The Eleventh Circuit issued a little, but still important, sentencing opinion in US v. Liberse, No. 12-10243 (11th Cir. July 30, 2012) to clarify just which defendants can now benefit from the new reduced crack guidelines. Here is how the opinion starts:
This is the third decision we have issued in the past month concerning the application of Amendments 750 and 759 to the sentencing guidelines and the scope of a district court’s authority to reduce a defendant’s sentence under 18 U.S.C. § 3582(c)(2). In the first two decisions, we held that those amendments did not authorize a court to reduce a sentence under § 3582(c)(2) if the defendant’s guidelines range remained the statutory mandatory minimum after the amendments or if the guidelines range was otherwise not affected by the amendments. See United States v. Glover, — F.3d —, No. 12-10580, 2012 WL 2814303, at *3–4 (11th Cir. July 11, 2012) (statutory mandatory minimum); United States v. Lawson, — F.3d —, No. 11-15912, 2012 WL 2866265, at *2–3 (11th Cir. July 13, 2012) (otherwise unchanged guidelines range). Our decisions in Glover and Lawson establish that “a court cannot use an amendment to reduce a sentence in a particular case unless that amendment actually lowers the guidelines range in that case.” Glover, 2012 WL 2814303, at *3.

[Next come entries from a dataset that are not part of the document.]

lemma biv_coeff_add [simp]: "biv_coeff (P + Q) i j = biv_coeff P i j + biv_coeff Q i j"
  by (simp add: biv_coeff_def)

lemma biv_coeff_diff [simp]:
  "biv_coeff (P - Q) i j = biv_coeff P i j - biv_coeff (Q :: 'a::comm_ring poly poly) i j"
  by (simp add: biv_coeff_def)

lemma biv_coeff_sum: "biv_coeff (\<Sum>x\<in>A. f x) i j = (\<Sum>x\<in>A. biv_coeff (f x) i j)"
  by (simp add: biv_coeff_def coeff_sum)

lemma biv_coeff_biv_monom [simp]:
  "biv_coeff (biv_monom a i j) i' j' = (if i = i' \<and> j = j' then a else 0)"
  by (simp add: biv_coeff_def biv_monom_def)

lemma biv_coeff_mult:
  "biv_coeff (P * Q) m n = (\<Sum>r\<le>m. \<Sum>l\<le>n. biv_coeff P r l * biv_coeff Q (m - r) (n - l))"
proof -
  have "biv_coeff (P * Q) m n = (\<Sum>l\<le>n. \<Sum>r\<le>m. biv_coeff P r l * biv_coeff Q (m - r) (n - l))"
    by (simp add: biv_coeff_def coeff_mult coeff_sum)
  then show ?thesis
    by (simp add: sum.swap[of _ "{..n}"])
qed

lemma biv_poly_nonzero_coeff:
  assumes "P \<noteq> 0"
  obtains i j where "biv_coeff P i j \<noteq> 0"
  using assms biv_poly_eqI[of P 0] by auto

lemma homogeneous_iff: "homogeneous P m \<longleftrightarrow> (\<forall>i j. i + j \<noteq> m \<longrightarrow> biv_coeff P i j = 0)"
  unfolding homogeneous_def by blast

lemma homogeneous_0 [simp]: "homogeneous 0 m"
  by (simp add: homogeneous_def)

lemma homogeneous_1: "homogeneous 1 0"
  by (simp add: homogeneous_def biv_coeff_1)

lemma homogeneous_diff:
  "homogeneous P m \<Longrightarrow> homogeneous Q m \<Longrightarrow> homogeneous (P - Q) m"
  for P Q :: "'a::comm_ring poly poly"
  by (auto simp: homogeneous_iff)

lemma homogeneous_mult:
  fixes P Q :: "'a::comm_semiring_1 poly poly"
  assumes "homogeneous P a" "homogeneous Q b"
  shows "homogeneous (P * Q) (a + b)"
  unfolding homogeneous_def
proof (intro allI impI)
  fix i j assume "biv_coeff (P * Q) i j \<noteq> 0"
  then obtain r l where "r \<le> i" "l \<le> j" "biv_coeff P r l * biv_coeff Q (i - r) (j - l) \<noteq> 0"
    unfolding biv_coeff_mult by (auto elim!: sum.not_neutral_contains_not_neutral)
  then have "biv_coeff P r l \<noteq> 0" "biv_coeff Q (i - r) (j - l) \<noteq> 0" by auto
  with assms have "r + l = a" "(i - r) + (j - l) = b"
    by (auto simp: homogeneous_def)
  with \<open>r \<le> i\<close> \<open>l \<le> j\<close> show "i + j = a + b" by arith
qed

lemma homogeneous_prod_list:
  "list_all2 homogeneous Ps ns \<Longrightarrow> homogeneous (prod_list Ps) (sum_list ns)"
  by (induction rule: list_all2_induct) (auto simp: homogeneous_1 homogeneous_mult)

lemma homogeneous_degree_unique:
  assumes "P \<noteq> 0" "homogeneous P a" "homogeneous P b"
  shows "a = b"
  using assms by (auto simp: homogeneous_def elim: biv_poly_nonzero_coeff)

text \<open>Homogeneity of degree \<open>n - 1\<close>, where a form of degree \<open>-1\<close> is zero (rather than
  truncating \<open>n - 1\<close> to \<open>0\<close>).\<close>

definition homogeneous_pred :: "'a::zero poly poly \<Rightarrow> nat \<Rightarrow> bool" where
  "homogeneous_pred P n \<longleftrightarrow> (\<forall>i j. biv_coeff P i j \<noteq> 0 \<longrightarrow> Suc (i + j) = n)"

lemma homogeneous_pred_Suc [simp]: "homogeneous_pred P (Suc m) \<longleftrightarrow> homogeneous P m"
  by (simp add: homogeneous_pred_def homogeneous_def)

lemma homogeneous_pred_0 [simp]: "homogeneous_pred P 0 \<longleftrightarrow> P = 0"
  by (auto simp: homogeneous_pred_def intro: biv_poly_eqI)

lemma homogeneous_pred_zero [simp]: "homogeneous_pred 0 n"
  by (simp add: homogeneous_pred_def)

This appeal raises a different issue because the pro se appellant’s original guidelines range of 121 to 151 months was above, and thus not affected by, the applicable statutory mandatory minimum of 120 months. As a result, Amendments 750 and 759 would reduce his guidelines range. For those reasons, § 3582(c)(2) gives the district court authority to reduce the sentence in its discretion. Because the court believed it lacked that authority, we vacate its order denying the motion for resentencing and remand for the court to determine whether to exercise its discretion to reduce the sentence.